Table of Contents

Viola-Jones Algorithm

Consists of two stages: the training of the algorithm and the detection of the faces in an application. Viola-Jones Algorithm is designed to look for the frontal face. Firstly, it turns an image into grey-scale and then looks for core features of the face.

It has to identify a set of specific features in order for it to confirm that it is looking at a face. For example: eye brows, then eyes, then nose, then mouth and then cheeks. Once it has identified all of those, it will class it as a face. The features depend on the training of the algorithm.

Haar-Like Features

This consists of 3 features:

Features

Using an example of one of the features, this is how the features are displayed in pixels. 0 being white, 1 being black.

Face Detection Example

From the pixels it splits it into two categories, white & black. With each category, it calculates the sum of the categories pixels and then divides the average of that category. Grey scale has a range of 0-255.

From the image: White = 0.166. Black = 0.568. It then takes black - white = 0.402. This threshold is there to determine if the feature is the correct one (in this example the nose).

Integral Image

Integral Image is a hack for the Haar-like Features that is used to speed up calculation processing. An integral image takes a normal image and with every box, it is the sum of the numbers to its left & above it. For example: the box in the integral image is the sum of the digits within the green lines going from left and up.

Integral Image

The final result would look like this:

Integral Image Final

Say we wanted a specific feature within the image which is a set amount of pixels. Using the integral image we can calculate this very effectively, without having to calculate all the numbers up which would take a lot of computer processing speed. This method is effective for when you have large amounts of images. E.g. 1000+ pixels. You will only need to look at 4 values rather than the full 1000.

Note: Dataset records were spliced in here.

(* Let $T>0$ and let $u$ be a distributional solution on $[-T,T]\times\mathbb{R}^2$ of the BBM-KP-II equation $u_t+u_x+uu_x-u_{xxt}+\partial_x^{-1}u_{yy}=0$. If for every $t\in[-T,T]$ the distribution $u(t)$ has compact support, then for every $t\in[-T,T]$ and every $g\in C^\infty(\mathbb{R})$, $$\big\langle e^{x}g(y)\,(u-u_{xx})(t),\,1\big\rangle_{\mathcal{E}'(\mathbb{R}^2),\,\mathcal{E}(\mathbb{R}^2)}=0.$$
   Context: $\mathcal{E}(\mathbb{R}^2)=C^\infty(\mathbb{R}^2)$ and $\mathcal{E}'(\mathbb{R}^2)$ is its dual, the space of compactly supported distributions; $\langle\cdot,\cdot\rangle$ is the duality pairing. $\partial_x^{-1}$ is the Fourier multiplier $1/(i\xi)$ in the $x$-frequency variable $\xi$. A family $(T_t)_{t\in I}$ of distributions is in $C^k(I,\mathcal{D}'(\Omega))$ if $t\mapsto\langle T_t,\varphi\rangle$ is $C^k$ for every test function $\varphi$; a distributional solution is such a family (of class $C^1$ in $t$) satisfying the equation in the sense of distributions. *)

theory Defs
  imports "HOL-Analysis.Analysis"
begin

type_synonym fn2 = "real \<times> real \<Rightarrow> real"
type_synonym distr = "fn2 \<Rightarrow> real"

definition dx :: "fn2 \<Rightarrow> fn2" where
  "dx f = (\<lambda>(x, y). deriv (\<lambda>s. f (s, y)) x)"

definition dy :: "fn2 \<Rightarrow> fn2" where
  "dy f = (\<lambda>(x, y). deriv (\<lambda>s. f (x, s)) y)"

inductive_set partials :: "fn2 \<Rightarrow> fn2 set" for f :: fn2 where
  self: "f \<in> partials f"
| step_x: "g \<in> partials f \<Longrightarrow> dx g \<in> partials f"
| step_y: "g \<in> partials f \<Longrightarrow> dy g \<in> partials f"

definition smooth2 :: "fn2 \<Rightarrow> bool" where
  "smooth2 f \<longleftrightarrow> (\<forall>g \<in> partials f. continuous_on UNIV g \<and>
      (\<forall>x y. (\<lambda>s. g (s, y)) differentiable (at x) \<and> (\<lambda>s. g (x, s)) differentiable (at y)))"

definition smooth1 :: "(real \<Rightarrow> real) \<Rightarrow> bool" where
  "smooth1 g \<longleftrightarrow> (\<forall>n x. ((deriv ^^ n) g) differentiable (at x))"

definition tsupp :: "fn2 \<Rightarrow> (real \<times> real) set" where
  "tsupp f = closure {p. f p \<noteq> 0}"

definition test_fun :: "fn2 \<Rightarrow> bool" where
  "test_fun \<phi> \<longleftrightarrow> smooth2 \<phi> \<and> compact (tsupp \<phi>)"

definition Dmult :: "nat \<Rightarrow> nat \<Rightarrow> fn2 \<Rightarrow> fn2" where
  "Dmult a b \<phi> = (dx ^^ a) ((dy ^^ b) \<phi>)"

definition is_distribution :: "distr \<Rightarrow> bool" where
  "is_distribution T \<longleftrightarrow>
     (\<forall>\<phi> \<psi> c. test_fun \<phi> \<and> test_fun \<psi> \<longrightarrow>
         T (\<lambda>p. \<phi> p + \<psi> p) = T \<phi> + T \<psi> \<and> T (\<lambda>p. c * \<phi> p) = c * T \<phi>) \<and>
     (\<forall>K. compact K \<longrightarrow> (\<exists>C N. \<forall>\<phi>. test_fun \<phi> \<and> tsupp \<phi> \<subseteq> K \<longrightarrow>
         \<bar>T \<phi>\<bar> \<le> C * (\<Sum>a\<le>N. \<Sum>b\<le>N. (SUP p. \<bar>Dmult a b \<phi> p\<bar>))))"

text \<open>Operations on distributions (only their values on test functions matter).\<close>
definition ddx :: "distr \<Rightarrow> distr" where
  "ddx T = (\<lambda>\<phi>. - T (dx \<phi>))"

definition ddy :: "distr \<Rightarrow> distr" where
  "ddy T = (\<lambda>\<phi>. - T (dy \<phi>))"

definition dmult :: "fn2 \<Rightarrow> distr \<Rightarrow> distr" where
  "dmult f T = (\<lambda>\<phi>. T (\<lambda>p. f p * \<phi> p))"

definition dminus :: "distr \<Rightarrow> distr \<Rightarrow> distr" where
  "dminus S T = (\<lambda>\<phi>. S \<phi> - T \<phi>)"

definition loc_int :: "fn2 \<Rightarrow> bool" where
  "loc_int f \<longleftrightarrow> (\<forall>K. compact K \<longrightarrow> set_integrable lborel K f)"

definition fdistr :: "fn2 \<Rightarrow> distr" where
  "fdistr f = (\<lambda>\<phi>. \<integral>p. f p * \<phi> p \<partial>lborel)"

definition vanishes_on :: "distr \<Rightarrow> (real \<times> real) set \<Rightarrow> bool" where
  "vanishes_on T U \<longleftrightarrow> (\<forall>\<phi>. test_fun \<phi> \<and> tsupp \<phi> \<subseteq> U \<longrightarrow> T \<phi> = 0)"

definition dsupp :: "distr \<Rightarrow> (real \<times> real) set" where
  "dsupp T = UNIV - \<Union>{U. open U \<and> vanishes_on T U}"

text \<open>Duality pairing E'(R^2) x E(R^2) for a compactly supported distribution T:
  <T, psi> = T(chi psi), chi a test function equal to 1 near the support of T.\<close>
definition pairE :: "distr \<Rightarrow> fn2 \<Rightarrow> real" where
  "pairE T \<psi> = T (\<lambda>p. (SOME chi. test_fun chi \<and>
        (\<exists>U. open U \<and> dsupp T \<subseteq> U \<and> (\<forall>q\<in>U. chi q = 1))) p * \<psi> p)"

text \<open>Distributional solution of BBM-KP-II
   u_t + u_x + u u_x - u_xxt + dx^{-1} u_yy = 0  on [-T,T] \<times> R^2.
  u(t) is a function with u(t), u(t)^2 locally integrable (so u u_x = (u^2/2)_x makes sense);
  t \<mapsto> <u(t),phi> is C^1 on [-T,T]; the term dx^{-1} u_yy is a family of distributions
  w(t) with dx w(t) = dyy u(t).\<close>
definition bbm_kp_solution :: "real \<Rightarrow> (real \<Rightarrow> fn2) \<Rightarrow> bool" where
  "bbm_kp_solution T u \<longleftrightarrow>
     (\<forall>t\<in>{-T..T}. loc_int (u t) \<and> loc_int (\<lambda>p. (u t p)\<^sup>2)) \<and>
     (\<forall>\<phi>. test_fun \<phi> \<longrightarrow> (\<exists>u'. continuous_on {-T..T} u' \<and>
        (\<forall>t\<in>{-T..T}. ((\<lambda>s. fdistr (u s) \<phi>) has_real_derivative u' t) (at t within {-T..T})))) \<and>
     (\<exists>w. (\<forall>t\<in>{-T..T}. is_distribution (w t) \<and>
            (\<forall>\<phi>. test_fun \<phi> \<longrightarrow> ddx (w t) \<phi> = ddy (ddy (fdistr (u t))) \<phi>)) \<and>
          (\<forall>t\<in>{-T..T}. \<forall>\<phi>. test_fun \<phi> \<longrightarrow>
             (\<exists>d1 d2.
                ((\<lambda>s. fdistr (u s) \<phi>) has_real_derivative d1) (at t within {-T..T}) \<and>
                ((\<lambda>s. ddx (ddx (fdistr (u s))) \<phi>) has_real_derivative d2) (at t within {-T..T}) \<and>
                d1 + ddx (fdistr (u t)) \<phi> + ddx (fdistr (\<lambda>p. (u t p)\<^sup>2 / 2)) \<phi> - d2 + w t \<phi> = 0)))"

Here is an example of Integral Images:

  • We have our feature and take the bottom right number to start. This corresponds to the large orange space which makes that total number (left image).
  • We then take the number just above the top right value which consists of the very top row above the feature and subtract this from our previous value (right image).

Integral Image Example P1

  • We the add the number from just to the left of the top-left corner of the feature (left image).
  • We then subtract the number to the left of the bottom-left corner of the feature (right image).

Integral Image Example P2

We are then left with our feature.

Totals

Training Classifiers

Training Classifies is an algorithm that shrinks the image to 24px by 24px and then tries to identify which features of that image are one of the Haar-like features. It shrinks the image to make it easier to read the image to locate the necessary features. This is only done through the training stage so that the algorithm can learn the correlations of the features.

On new images the features get scaled up and the image stays the same size. For this to work effectively, you need to supply a lot of frontal face images for the features to be detected and a lot of non-face images (any random picture that doesn’t have faces in them) so the algorithm can learn the distinction between the two. The non-face images don’t have to be 24px by 24px. They can be the normal size and it will take 24px of each of that image identifying that these are not faces.

Adaptive Boosting (Adaboost)

In a 24px by 24px image you can have over 180,000+ features. The Adaboost is designed to identify a combination of features that can help increase the accuracy of the face detection within the Viola-Jones Algorithm.

Adaboost Formula

Each feature on its own is called a Weak Classifier. When multiple of these are joined together, this makes a Strong Classifier. On the first feature the Adaboost will identify images that are suitable to that feature. It will flag up false positives and false negatives and then adjust the weights of those images in preparation for the second feature. This is done so that it can confirm that they are faces or are not faces. It will then repeat this until it has gone through all the features.

Adaboost is the first step of improving the algorithm, the second step is Cascading.

Cascading

  • We take a sub-window that we are using to analyse our image (a square box that goes through each pixel).
  • We look for the first feature within our list of features, if its not present in that sub-window we reject the sub- window.

If there is a feature, we look for the second one in that sub-window. If it’s not present, reject that sub-window. Rinse and repeat (T = True, F = False).

Sub-Window

If there is not a set amount of features identified, it will skip the remaining features and will flag this image as a non-face image.

See the code here for an example of face recognition.

# Defining a function that will do the detections
def detect(grey, frame):
    """
    The two arguments that are inside of the detect function consist of:
        - grey - the black and white image
        - frame - the image we want to draw the rectangles on
    
    Faces is a tuple of 4 elements: 
        - x, y - these are the coordinates of the upper left corner
        - w, h - width and height of the rectangle
    
    Arguments are as follows: 
        - grey = black and white image 
        - 1.3 = scale factor, how much of the size of the image is going to be reduced
        - 5 = minimum number of neighbour zones that must be accepted
    """
    faces = face_cascade.detectMultiScale(grey, 1.3, 5)
    for (x, y, w, h) in faces:
        # Draw the rectangle
        """
        cv2.rectangle() consists of:
            - The image we want to draw the rectangles on
            - The coordinates of the upper left corner of the rectangle
            - The coordinates of the lower right corner of the rectangle
            - Colour of the rectangle
            - The thickness of the edges of the rectangle
        """
        cv2.rectangle(frame, (x, y), (x+w, y+h), (255, 0, 0), 2)
        ## Eyes
        # Zone of interest which is inside the detector rectangle
        # You need the black and white & coloured versions
        roi_grey = grey[y:y+h, x:x+w]
        roi_colour = frame[y:y+h, x:x+w]
        eyes = eye_cascade.detectMultiScale(roi_grey, 1.1, 3)
        for (ex, ey, ew, eh) in eyes:
            cv2.rectangle(roi_colour, (ex, ey), (ex+ew, ey+eh), (0, 255, 0), 2)
    return frame